## EXERCISE DIRECTIONS
Your output must consist solely of the lines from the one containing "cinf) + 2 *" through the end of the records, reproduced exactly.

## PROVIDED ENTRIES
text \<open>Since \<open>Wstar a 0 = 0\<close>, only the move to \<open>y = x - 2 s g\<close> counts, where
  \<open>x = \<tau>(w) + \<gamma> cinf\<close> and \<open>s = \<sigma> sqrt \<gamma>\<close>. Where \<open>y > 0\<close>, the mass \<open>pbar * phi\<close> sent to 0
  equals the Gaussian weight \<open>phi (x/s - g)\<close> of the reflected point, at which \<open>y\<close> becomes \<open>-y\<close>.
  As \<open>exp (a y) + exp (-a y) \<ge> 2\<close>, pairing \<open>g\<close> with its reflection shows that removing this
  mass can only decrease \<open>E exp (a Y) - 1\<close>, so the kernel applied to \<open>Wstar a\<close> is at most
  \<open>E exp (a (x - 2 s G)) - 1 = exp (a x + 2 a\<^sup>2 \<sigma>\<^sup>2 \<gamma>) - 1\<close>.

  The rest is the drift of \<open>\<tau>\<close>: for \<open>w \<ge> R\<^sub>a\<close> the contraction \<open>\<tau>(w) \<le> (1 - \<gamma> m) w\<close>
  absorbs the noise \<open>\<gamma> a (cinf + 2 a \<sigma>\<^sup>2)\<close> and leaves the factor \<open>\<lambda>\<^sub>a\<^sup>\<gamma>\<close>; for \<open>w < R\<^sub>a\<close>
  the expansion \<open>\<tau>(w) \<le> (1 + \<gamma> L) w\<close> costs the factor \<open>B\<^sub>a\<^sup>\<gamma>\<close> plus, by
  \<open>exp u - 1 \<le> u exp u\<close>, the additive term \<open>\<gamma> D\<^sub>a\<close>.\<close>

lemma phi_eq_std_normal_density: "phi = std_normal_density"
  by (simp add: fun_eq_iff phi_def std_normal_density_def powr_minus powr_half_sqrt divide_simps)

lemma phi_nonneg: "0 \<le> phi t"
  by (simp add: phi_def)

lemma borel_measurable_phi [measurable]: "phi \<in> borel_measurable borel"
  unfolding phi_def by measurable

lemma nn_integral_phi: "(\<integral>\<^sup>+g. ennreal (phi g) \<partial>lborel) = 1"
  unfolding phi_eq_std_normal_density
  by (subst nn_integral_eq_integral)
     (auto simp: integrable_normal_moment[of 1 0 0, simplified])

lemma nn_integral_exp_affine_mult_phi:
  "(\<integral>\<^sup>+g. ennreal (exp (b + c * g) * phi g) \<partial>lborel) = ennreal (exp (b + c\<^sup>2 / 2))"
proof -
  have "exp (b + c * g) * phi g = exp (b + c\<^sup>2 / 2) * phi (g - c)" for g
  proof -
    have "exp (b + c * g) * phi g = (2 * pi) powr (-1/2) * exp (b + c * g + - g\<^sup>2 / 2)"
      by (simp add: phi_def mult.left_commute flip: exp_add)
    also have "b + c * g + - g\<^sup>2 / 2 = b + c\<^sup>2 / 2 + - (g - c)\<^sup>2 / 2"
      by (simp add: power2_eq_square field_simps)
    also have "(2 * pi) powr (-1/2) * exp \<dots> = exp (b + c\<^sup>2 / 2) * phi (g - c)"
      by (simp add: phi_def mult.left_commute flip: exp_add)
    finally show ?thesis .
  qed
  then have "(\<integral>\<^sup>+g. ennreal (exp (b + c * g) * phi g) \<partial>lborel)
      = ennreal (exp (b + c\<^sup>2 / 2)) * (\<integral>\<^sup>+g. ennreal (phi (g - c)) \<partial>lborel)"
    by (simp add: ennreal_mult' phi_nonneg nn_integral_cmult)
  also have "(\<integral>\<^sup>+g. ennreal (phi (g - c)) \<partial>lborel) = 1"
    using nn_integral_real_affine[of "\<lambda>g. ennreal (phi g)" 1 "- c"] nn_integral_phi by simp
  finally show ?thesis by simp
qed

lemma phi_var_ratio:
  assumes "S > 0"
  shows "phi_var S t1 / phi_var S t2 = exp ((t2\<^sup>2 - t1\<^sup>2) / (2 * S))"
proof -
  have "phi_var S t1 = phi_var S t2 * exp ((t2\<^sup>2 - t1\<^sup>2) / (2 * S))"
    unfolding phi_var_def mult.assoc exp_add[symmetric]
    using assms by (simp add: field_simps)
  moreover have "phi_var S t2 > 0"
    unfolding phi_var_def using assms by simp
  ultimately show ?thesis by simp
qed

lemma pbar_le_1: "pbar \<sigma> \<gamma> x g \<le> 1"
  by (simp add: pbar_def)

lemma borel_measurable_pbar [measurable]: "pbar \<sigma> \<gamma> x \<in> borel_measurable borel"
  unfolding pbar_def phi_var_def by measurable

lemma pbar_mult_phi:
  assumes "\<sigma> > 0" "\<gamma> > 0" "0 \<le> x" "0 \<le> x - 2 * \<sigma> * sqrt \<gamma> * g"
  shows "pbar \<sigma> \<gamma> x g * phi g = phi (x / (\<sigma> * sqrt \<gamma>) - g)"
proof -
  define s where "s = \<sigma> * sqrt \<gamma>"
  define z where "z = - (x * (x - 2 * s * g)) / (2 * s\<^sup>2)"
  have s: "s > 0" "s\<^sup>2 = \<sigma>\<^sup>2 * \<gamma>"
    using assms by (simp_all add: s_def power_mult_distrib)
  have "phi_var (\<sigma>\<^sup>2 * \<gamma>) (x - s * g) / phi_var (\<sigma>\<^sup>2 * \<gamma>) (s * g) = exp z"
    unfolding s(2)[symmetric] z_def using s assms
    by (subst phi_var_ratio) (auto simp: power2_eq_square algebra_simps)
  moreover have "z \<le> 0"
    unfolding z_def using assms s by (simp add: s_def)
  ultimately have "pbar \<sigma> \<gamma> x g = exp z"
    by (simp add: pbar_def s_def mult.assoc)
  moreover have "- (x / s - g)\<^sup>2 / 2 = - g\<^sup>2 / 2 + z"
    unfolding z_def using s(1) by (simp add: field_simps power2_eq_square)
  ultimately show ?thesis
    by (simp add: phi_def s_def[symmetric] exp_add[symmetric])
qed

lemma borel_measurable_Wstar [measurable]: "Wstar a \<in> borel_measurable borel"
  unfolding Wstar_def by measurable

lemma Wstar_nonpos: "0 \<le> a \<Longrightarrow> y \<le> 0 \<Longrightarrow> Wstar a y \<le> 0"
  by (simp add: Wstar_def mult_nonneg_nonpos)

lemma Wstar_reflected_pair_le:
  fixes a y \<phi> q :: real
  assumes "0 \<le> q"
  shows "Wstar a y * (\<phi> - q) + \<phi> + q \<le> exp (a * y) * \<phi> + exp (- (a * y)) * q"
proof -
  have "2 \<le> exp (a * y) + exp (- (a * y))"
    using exp_ge_add_one_self[of "a * y"] exp_ge_add_one_self[of "- (a * y)"] by linarith
  then have "0 \<le> q * (exp (a * y) + exp (- (a * y)) - 2)"
    using assms by simp
  then show ?thesis
    by (simp add: Wstar_def algebra_simps)
qed

lemma nn_integral_reflect_halves:
  fixes h :: "real \<Rightarrow> ennreal" and y :: "real \<Rightarrow> real"
  assumes [measurable]: "h \<in> borel_measurable borel" "y \<in> borel_measurable borel"
    and y_reflect: "\<And>g. y (c - g) = - y g"
  shows "(\<integral>\<^sup>+g. h g * indicator {g. 0 \<le> y g} g + h (c - g) * indicator {g. 0 < y g} g \<partial>lborel)
    = (\<integral>\<^sup>+g. h g \<partial>lborel)"
proof -
  have "(\<integral>\<^sup>+g. h g * indicator {g. 0 \<le> y g} g + h (c - g) * indicator {g. 0 < y g} g \<partial>lborel)
      = (\<integral>\<^sup>+g. h g * indicator {g. 0 \<le> y g} g \<partial>lborel)
        + (\<integral>\<^sup>+g. h (c - g) * indicator {g. 0 < y g} g \<partial>lborel)"
    by (rule nn_integral_add) auto
  also have "(\<integral>\<^sup>+g. h (c - g) * indicator {g. 0 < y g} g \<partial>lborel)
      = (\<integral>\<^sup>+g. h g * indicator {g. y g < 0} g \<partial>lborel)"
    using nn_integral_real_affine[of "\<lambda>g. h g * indicator {g. y g < 0} g" "-1" c]
    by (simp add: indicator_def y_reflect)
  also have "(\<integral>\<^sup>+g. h g * indicator {g. 0 \<le> y g} g \<partial>lborel) + \<dots>
      = (\<integral>\<^sup>+g. h g * indicator {g. 0 \<le> y g} g + h g * indicator {g. y g < 0} g \<partial>lborel)"
    by (rule nn_integral_add[symmetric]) auto
  also have "\<dots> = (\<integral>\<^sup>+g. h g \<partial>lborel)"
    by (rule nn_integral_cong) (simp add: indicator_def)
  finally show ?thesis .
qed

lemma Wstar_move_pointwise_le:
  assumes "\<sigma> > 0" "\<gamma> > 0" "0 \<le> x" "0 \<le> a"
  defines "s \<equiv> \<sigma> * sqrt \<gamma>" and "y \<equiv> \<lambda>g. x - 2 * \<sigma> * sqrt \<gamma> * g"
  shows "ennreal (Wstar a (y g)) * ennreal ((1 - pbar \<sigma> \<gamma> x g) * phi g)
           + (ennreal (phi g) * indicator {g. 0 \<le> y g} g
              + ennreal (phi (x / s - g)) * indicator {g. 0 < y g} g)
         \<le> ennreal (exp (a * y g) * phi g) * indicator {g. 0 \<le> y g} g
           + ennreal (exp (a * y (x / s - g)) * phi (x / s - g)) * indicator {g. 0 < y g} g"
proof (cases "y g > 0")
  case True
  have "y (x / s - g) = - y g"
    using assms(1,2) by (simp add: y_def s_def field_simps)
  moreover have "pbar \<sigma> \<gamma> x g * phi g = phi (x / s - g)"
    using pbar_mult_phi[OF assms(1-3)] True by (simp add: s_def y_def mult.assoc)
  ultimately have "Wstar a (y g) * ((1 - pbar \<sigma> \<gamma> x g) * phi g) + phi g + phi (x / s - g)
      \<le> exp (a * y g) * phi g + exp (a * y (x / s - g)) * phi (x / s - g)"
    using Wstar_reflected_pair_le[of "phi (x / s - g)" a "y g" "phi g"] phi_nonneg
    by (simp add: algebra_simps)
  moreover have "0 \<le> Wstar a (y g)" "0 \<le> (1 - pbar \<sigma> \<gamma> x g) * phi g"
    using True assms(4) pbar_le_1 phi_nonneg by (simp_all add: Wstar_def)
  ultimately show ?thesis
    using True phi_nonneg[of g] phi_nonneg[of "x / s - g"]
    by (simp add: add.assoc ennreal_mult'[symmetric] ennreal_plus[symmetric] ennreal_leI
        del: ennreal_plus)
next
  case False
  then show ?thesis
    using Wstar_nonpos[OF assms(4), of "y g"] by (auto simp: ennreal_neg indicator_def)
qed

lemma nn_integral_Wstar_move_le:
  assumes "\<sigma> > 0" "\<gamma> > 0" "0 \<le> x" "0 \<le> a"
  shows "(\<integral>\<^sup>+g. ennreal (Wstar a (x - 2 * \<sigma> * sqrt \<gamma> * g))
              * ennreal ((1 - pbar \<sigma> \<gamma> x g) * phi g) \<partial>lborel)
         \<le> ennreal (exp (a * x + 2 * a\<^sup>2 * \<sigma>\<^sup>2 * \<gamma>) - 1)"
    (is "integral\<^sup>N lborel ?F \<le> _")
proof -
  define s where "s = \<sigma> * sqrt \<gamma>"
  define y where "y g = x - 2 * \<sigma> * sqrt \<gamma> * g" for g
  define E where "E = exp (a * x + 2 * a\<^sup>2 * \<sigma>\<^sup>2 * \<gamma>)"
  have y_reflect: "y (x / s - g) = - y g" for g
    using assms(1,2) by (simp add: y_def s_def field_simps)
  have [measurable]: "y \<in> borel_measurable borel"
    unfolding y_def by measurable
  let ?halves = "\<lambda>h g. ennreal (h g) * indicator {g. 0 \<le> y g} g
                      + ennreal (h (x / s - g)) * indicator {g. 0 < y g} g"
  have "integral\<^sup>N lborel ?F + 1 = integral\<^sup>N lborel ?F + (\<integral>\<^sup>+g. ?halves phi g \<partial>lborel)"
    using nn_integral_reflect_halves[of "\<lambda>g. ennreal (phi g)" y "x / s", OF _ _ y_reflect]
    by (simp add: nn_integral_phi)
  also have "\<dots> = (\<integral>\<^sup>+g. ?F g + ?halves phi g \<partial>lborel)"
    by (rule nn_integral_add[symmetric]) auto
  also have "\<dots> \<le> (\<integral>\<^sup>+g. ?halves (\<lambda>g. exp (a * y g) * phi g) g \<partial>lborel)"
    using Wstar_move_pointwise_le[OF assms]
    by (intro nn_integral_mono) (simp add: y_def s_def mult.assoc)
  also have "\<dots> = (\<integral>\<^sup>+g. ennreal (exp (a * x + (- 2 * a * \<sigma> * sqrt \<gamma>) * g) * phi g) \<partial>lborel)"
    using nn_integral_reflect_halves[of "\<lambda>g. ennreal (exp (a * y g) * phi g)" y "x / s",
        OF _ _ y_reflect]
    by (simp add: y_def algebra_simps)
  also have "\<dots> = ennreal E"
    unfolding nn_integral_exp_affine_mult_phi E_def
    using assms(1,2) by (simp add: power_mult_distrib)
  also have "\<dots> = ennreal (E - 1) + 1"
    using assms by (simp add: E_def flip: ennreal_1 ennreal_plus)
  finally show ?thesis
    by (simp add: E_def ennreal_add_left_cancel_le add.commute[of _ 1])
qed

lemma Qker_Wstar_le:
  assumes "\<sigma> > 0" "\<gamma> > 0" "0 \<le> a" "0 \<le> \<tau> w + \<gamma> * cinf"
  shows "Qker \<sigma> cinf \<gamma> \<tau> (\<lambda>x. ennreal (Wstar a x)) w
           \<le> ennreal (exp (a * (\<tau> w + \<gamma> * (cinf + 2 * a * \<sigma>\<^sup>2))) - 1)"
proof -
  have "a * (\<tau> w + \<gamma> * (cinf + 2 * a * \<sigma>\<^sup>2))
      = a * (\<tau> w + \<gamma> * cinf) + 2 * a\<^sup>2 * \<sigma>\<^sup>2 * \<gamma>"
    by (simp add: power2_eq_square algebra_simps)
  then show ?thesis
    using nn_integral_Wstar_move_le[OF assms(1,2,4,3)]
    by (simp add: Qker_def Wstar_def Let_def)
qed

## WORKED SOLUTION
      = a * (\<tau> w + \<gamma> * cinf) + 2 * a\<^sup>2 * \<sigma>\<^sup>2 * \<gamma>"
    by (simp add: power2_eq_square algebra_simps)
  then show ?thesis
    using nn_integral_Wstar_move_le[OF assms(1,2,4,3)]
    by (simp add: Qker_def Wstar_def Let_def)
qed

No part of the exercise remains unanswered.